Antarctic flora are a distinct community of vascular plants which evolved millions of years ago on the supercontinent of Gondwana.
Joseph Dalton Hooker (1817 – 1911) was the first to notice similarities in the flora and speculated that Antarctica had served as either a source or a transitional point, and that land masses now separated might formerly have been adjacent.
Antarctica was also part of the ancient supercontinent of Gondwana, which gradually broke up by plate tectonics starting 110 million years ago.
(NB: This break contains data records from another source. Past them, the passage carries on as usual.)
lemma half_tangent_edge_grad:
  assumes diff: "\<forall>j\<in>{0,1,2}. \<forall>y. \<phi> j differentiable (at y)"
    and junction: "x \<in> edge \<phi> D {0,1,2}"
    and tangent: "half_tangent (edge \<phi> D I) x d" and I: "I \<subseteq> {0,1,2}"
  shows "\<forall>i\<in>I. \<forall>m\<in>{0,1,2}. 0 \<le> (grad (\<phi> m) x - grad (\<phi> i) x) \<bullet> d"
proof (intro ballI)
  fix i m :: nat
  assume "i \<in> I" "m \<in> {0,1,2}"
  have cont: "\<forall>j\<in>{0,1,2}. continuous_on UNIV (\<phi> j)"
    using diff by (simp add: continuous_at_imp_continuous_on differentiable_imp_continuous_within)
  have "i \<in> {0,1,2}"
    using \<open>i \<in> I\<close> I by blast
  have "\<phi> m x - \<phi> i x \<le> \<phi> m y - \<phi> i y" if "y \<in> edge \<phi> D I" for y
  proof -
    have "\<phi> m x = \<phi> i x"
      using edge_phase_minimal[OF cont junction] \<open>i \<in> {0,1,2}\<close> \<open>m \<in> {0,1,2}\<close>
      by (meson order.antisym subset_refl)
    then show ?thesis
      using edge_phase_minimal[OF cont that \<open>i \<in> I\<close> I \<open>m \<in> {0,1,2}\<close>] by simp
  qed
  moreover have "\<phi> m differentiable (at x)" "\<phi> i differentiable (at x)"
    using diff \<open>i \<in> {0,1,2}\<close> \<open>m \<in> {0,1,2}\<close> by blast+
  then have "((\<lambda>y. \<phi> m y - \<phi> i y) has_derivative (\<lambda>v. (grad (\<phi> m) x - grad (\<phi> i) x) \<bullet> v)) (at x)"
    unfolding inner_diff_left by (intro has_derivative_diff has_derivative_grad)
  ultimately show "0 \<le> (grad (\<phi> m) x - grad (\<phi> i) x) \<bullet> d"
    using half_tangent_min_derivative_nonneg[OF tangent, where f = "\<lambda>y. \<phi> m y - \<phi> i y"
        and f' = "\<lambda>v. (grad (\<phi> m) x - grad (\<phi> i) x) \<bullet> v"] by blast
qed

lemma grad_nondegenerate:
  assumes diff: "\<forall>j\<in>{0,1,2}. \<phi> j differentiable (at x)"
    and bij: "bij (frechet_derivative (hatphi \<phi>) (at x))"
  shows "\<forall>v. (\<forall>i\<in>{0,1,2}. \<forall>j\<in>{0,1,2}. grad (\<phi> i) x \<bullet> v = grad (\<phi> j) x \<bullet> v) \<longrightarrow> v = 0"
proof (intro allI impI)
  fix v :: pt
  assume equal: "\<forall>i\<in>{0,1,2}. \<forall>j\<in>{0,1,2}. grad (\<phi> i) x \<bullet> v = grad (\<phi> j) x \<bullet> v"
  define g where "g j = grad (\<phi> j) x" for j
  define L :: "pt \<Rightarrow> pt"
    where "L w = ((g 0 - g 1) \<bullet> w) *\<^sub>R axis 1 1 + ((g 0 - g 2) \<bullet> w) *\<^sub>R axis 2 1" for w
  have "hatphi \<phi> = (\<lambda>y. (\<phi> 0 y - \<phi> 1 y) *\<^sub>R axis 1 1 + (\<phi> 0 y - \<phi> 2 y) *\<^sub>R axis 2 1)"
    by (simp add: fun_eq_iff hatphi_def vec_eq_iff forall_2 axis_def)
  moreover have "\<phi> 0 differentiable (at x)" "\<phi> 1 differentiable (at x)" "\<phi> 2 differentiable (at x)"
    using diff by simp_all
  ultimately have "(hatphi \<phi> has_derivative L) (at x)"
    unfolding L_def g_def inner_diff_left
    by (simp only:) (intro has_derivative_add has_derivative_scaleR_left has_derivative_diff has_derivative_grad)
  then have "frechet_derivative (hatphi \<phi>) (at x) = L"
    by (rule frechet_derivative_at[symmetric])
  then have "inj L"
    using bij by (simp add: bij_is_inj)
  moreover have "g 0 \<bullet> v = g 1 \<bullet> v" "g 0 \<bullet> v = g 2 \<bullet> v"
    using equal unfolding g_def by blast+
  then have "L v = L 0"
    by (simp add: L_def inner_diff_left)
  ultimately show "v = 0"
    by (rule injD)
qed

lemma angle_formula_eq_vertex_angle:
  assumes "\<forall>j\<in>{0,1,2}. \<phi> j differentiable (at x)" and "k \<in> {0,1,2}"
  shows "angle_formula \<phi> x k = vertex_angle (\<lambda>j. grad (\<phi> j) x) k"
proof -
  have "j mod 3 \<in> {0,1,2}" for j :: nat
    by auto
  then have "\<phi> (j mod 3) differentiable (at x)" for j
    using assms(1) by blast
  moreover have "\<phi> k differentiable (at x)"
    using assms by blast
  ultimately show ?thesis
    by (simp add: angle_formula_def vertex_angle_def Let_def grad_diff)
qed

lemma junction_config_grad:
  assumes diff: "\<forall>j\<in>{0,1,2}. \<forall>y. \<phi> j differentiable (at y)"
    and junction: "x \<in> edge \<phi> D {0,1,2}" and bij: "bij (frechet_derivative (hatphi \<phi>) (at x))"
    and "half_tangent (edge \<phi> D {0,1}) x (rot t0 u)"
    and "half_tangent (edge \<phi> D {1,2}) x (rot t1 u)"
    and "half_tangent (edge \<phi> D {0,2}) x u"
  shows "junction_config (\<lambda>j. grad (\<phi> j) x) u t0 t1"
proof -
  have "\<forall>j\<in>{0,1,2}. \<phi> j differentiable (at x)"
    using diff by blast
  then have "\<forall>v. (\<forall>i\<in>{0,1,2}. \<forall>j\<in>{0,1,2}. grad (\<phi> i) x \<bullet> v = grad (\<phi> j) x \<bullet> v) \<longrightarrow> v = 0"
    using bij by (rule grad_nondegenerate)
  moreover have "norm u = 1"
    using \<open>half_tangent (edge \<phi> D {0,2}) x u\<close> by (simp add: half_tangent_def)
  moreover have "\<forall>i\<in>{0,1}. \<forall>m\<in>{0,1,2}. 0 \<le> (grad (\<phi> m) x - grad (\<phi> i) x) \<bullet> rot t0 u"
    by (rule half_tangent_edge_grad[OF diff junction assms(4)]) auto
  moreover have "\<forall>i\<in>{1,2}. \<forall>m\<in>{0,1,2}. 0 \<le> (grad (\<phi> m) x - grad (\<phi> i) x) \<bullet> rot t1 u"
    by (rule half_tangent_edge_grad[OF diff junction assms(5)]) auto
  moreover have "\<forall>i\<in>{0,2}. \<forall>m\<in>{0,1,2}. 0 \<le> (grad (\<phi> m) x - grad (\<phi> i) x) \<bullet> u"
    by (rule half_tangent_edge_grad[OF diff junction assms(6)]) auto
  ultimately show ?thesis
    unfolding junction_config_def by blast
qed

theorem proposition5p2:
  fixes D :: "pt set" and \<phi> :: "nat \<Rightarrow> pt \<Rightarrow> real" and xh d01 d12 d02 :: pt
    and t0 t1 :: real
  assumes "open D" and "bounded D"
    and "\<forall>j\<in>{0,1,2}. smooth (\<phi> j)" and "\<forall>x. \<phi> 0 x = 0"
    and "xh \<in> edge \<phi> D {0,1,2}"
    and "bij (frechet_derivative (hatphi \<phi>) (at xh))"
    and "half_tangent (edge \<phi> D {0,1}) xh d01"
    and "half_tangent (edge \<phi> D {1,2}) xh d12"
    and "half_tangent (edge \<phi> D {0,2}) xh d02"
    and "0 \<le> t0" and "t0 < 2 * pi" and "d01 = rot t0 d02"
    and "0 \<le> t1" and "t1 < 2 * pi" and "d12 = rot t1 d02"
  shows "if t0 \<le> t1
         then (\<forall>k\<in>{0,1,2}. beta t0 t1 k = angle_formula \<phi> xh k)
         else (\<forall>k\<in>{0,1,2}. beta t1 t0 k = angle_formula (\<phi> \<circ> swap02) xh k)"
proof -
  have diff: "\<forall>j\<in>{0,1,2}. \<forall>y. \<phi> j differentiable (at y)"
    using assms(3) smooth_differentiable by blast
  then have diff_swap: "\<forall>j\<in>{0,1,2}. (\<phi> \<circ> swap02) j differentiable (at xh)"
    by (simp add: swap02_def)
  have cfg: "junction_config (\<lambda>j. grad (\<phi> j) xh) d02 t0 t1"
    using junction_config_grad[OF diff assms(5,6)] assms(7-9,12,15) by simp
  show ?thesis
  proof (cases "t0 \<le> t1")
    case True
    then show ?thesis
      using triple_junction_angles[OF cfg assms(10) True assms(14)] angle_formula_eq_vertex_angle diff
      by simp
  next
    case False
    then show ?thesis
      using triple_junction_angles[OF junction_config_swap02[OF cfg] assms(13) _ assms(11)]
        angle_formula_eq_vertex_angle[OF diff_swap]
      by (simp add: o_def)
  qed
qed

end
South America, Madagascar, Africa, India, Australia, New Zealand, and Antarctica were all part of the supercontinent Gondwana, which started to break up in the early Cretaceous period (145–66 million years ago).
Africa and India drifted north into the tropical latitudes, became hotter and drier, and ultimately connected with the Eurasian continent.
Investigations of Upper Cretaceous and Early Tertiary sediments of Antarctica yield a rich assemblage of well-preserved fossil dicotyledonous angiosperm wood which provides evidence for the existence, since the Late Cretaceous, of temperate forests similar in composition to those found in present-day southern South America, New Zealand and Australia.
[4] A fossil water lily, Notonuphar (similar to Nuphar in the extant family Nympheaceae), was described from Eocene-aged sediments on Seymour Island in 2017.